• _TASK BRIEF_: Among the records, find the lines that hold the string "definition" and return them.

• _GIVEN DATA_:
++++++++++

definition dual_unitary :: "nat \<Rightarrow> op2 \<Rightarrow> bool" where
  "dual_unitary q U \<longleftrightarrow> unitary_op q U \<and> unitary_op q (realign U)"

definition swap_op :: op2 where
  "swap_op = (\<lambda>(i, \<alpha>) (j, \<beta>). if i = \<beta> \<and> \<alpha> = j then 1 else 0)"

definition tensor_op :: "(nat \<Rightarrow> nat \<Rightarrow> complex) \<Rightarrow> (nat \<Rightarrow> nat \<Rightarrow> complex) \<Rightarrow> op2" where
  "tensor_op A B = (\<lambda>(i, \<alpha>) (j, \<beta>). A i j * B \<alpha> \<beta>)"

definition dft :: "nat \<Rightarrow> nat \<Rightarrow> nat \<Rightarrow> complex" where
  "dft q m n = exp (2 * pi * \<i> * of_nat (m * n) / of_nat q) / complex_of_real (sqrt (real q))"

definition optrace :: "nat \<Rightarrow> op2 \<Rightarrow> complex" where
  "optrace q X = (\<Sum>a\<in>idx q. X a a)"

text \<open>E(U) = 1 - q^-4 tr[(U^R U^R\<dagger>)^2]; the trace is real, we take its real part.\<close>
definition Ent :: "nat \<Rightarrow> op2 \<Rightarrow> real" where
  "Ent q U = (let R = opmult q (realign U) (opadj (realign U))
              in 1 - Re (optrace q (opmult q R R)) / real q ^ 4)"

definition ep :: "nat \<Rightarrow> op2 \<Rightarrow> real" where
  "ep q U = (Ent q U + Ent q (opmult q U swap_op) - Ent q swap_op) / Ent q swap_op"

definition UC :: "nat \<Rightarrow> real \<Rightarrow> op2" where
  "UC q b = (\<lambda>(k, \<alpha>) (j, \<beta>).
     exp (2 * pi * \<i> / of_nat q * complex_of_real (b * real j * real \<beta> + real (k * \<beta> + j * \<alpha>)))
     / of_nat q)"

definition Dop :: "nat \<Rightarrow> real \<Rightarrow> op2" where
  "Dop q b = (\<lambda>(k, \<alpha>) (j, \<beta>).
     if k = j \<and> \<alpha> = \<beta> then exp (2 * pi * \<i> * complex_of_real (b * real j * real \<beta>) / of_nat q) else 0)"

end

theory Submission
  imports Defs
begin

++++++++++

• _ANSWER TO THE PROBLEM_:
definition dual_unitary :: "nat \<Rightarrow> op2 \<Rightarrow> bool" where
definition swap_op :: op2 where
definition tensor_op :: "(nat \<Rightarrow> nat \<Rightarrow> complex) \<Rightarrow> (nat \<Rightarrow> nat \<Rightarrow> complex) \<Rightarrow> op2" where
definition dft :: "nat \<Rightarrow> nat \<Rightarrow> nat \<Rightarrow> complex" where
definition optrace :: "nat \<Rightarrow> op2 \<Rightarrow> complex" where
definition Ent :: "nat \<Rightarrow> op2 \<Rightarrow> real" where
definition ep :: "nat \<Rightarrow> op2 \<Rightarrow> real" where
definition UC :: "nat \<Rightarrow> real \<Rightarrow> op2" where
definition Dop :: "nat \<Rightarrow> real \<Rightarrow> op2" where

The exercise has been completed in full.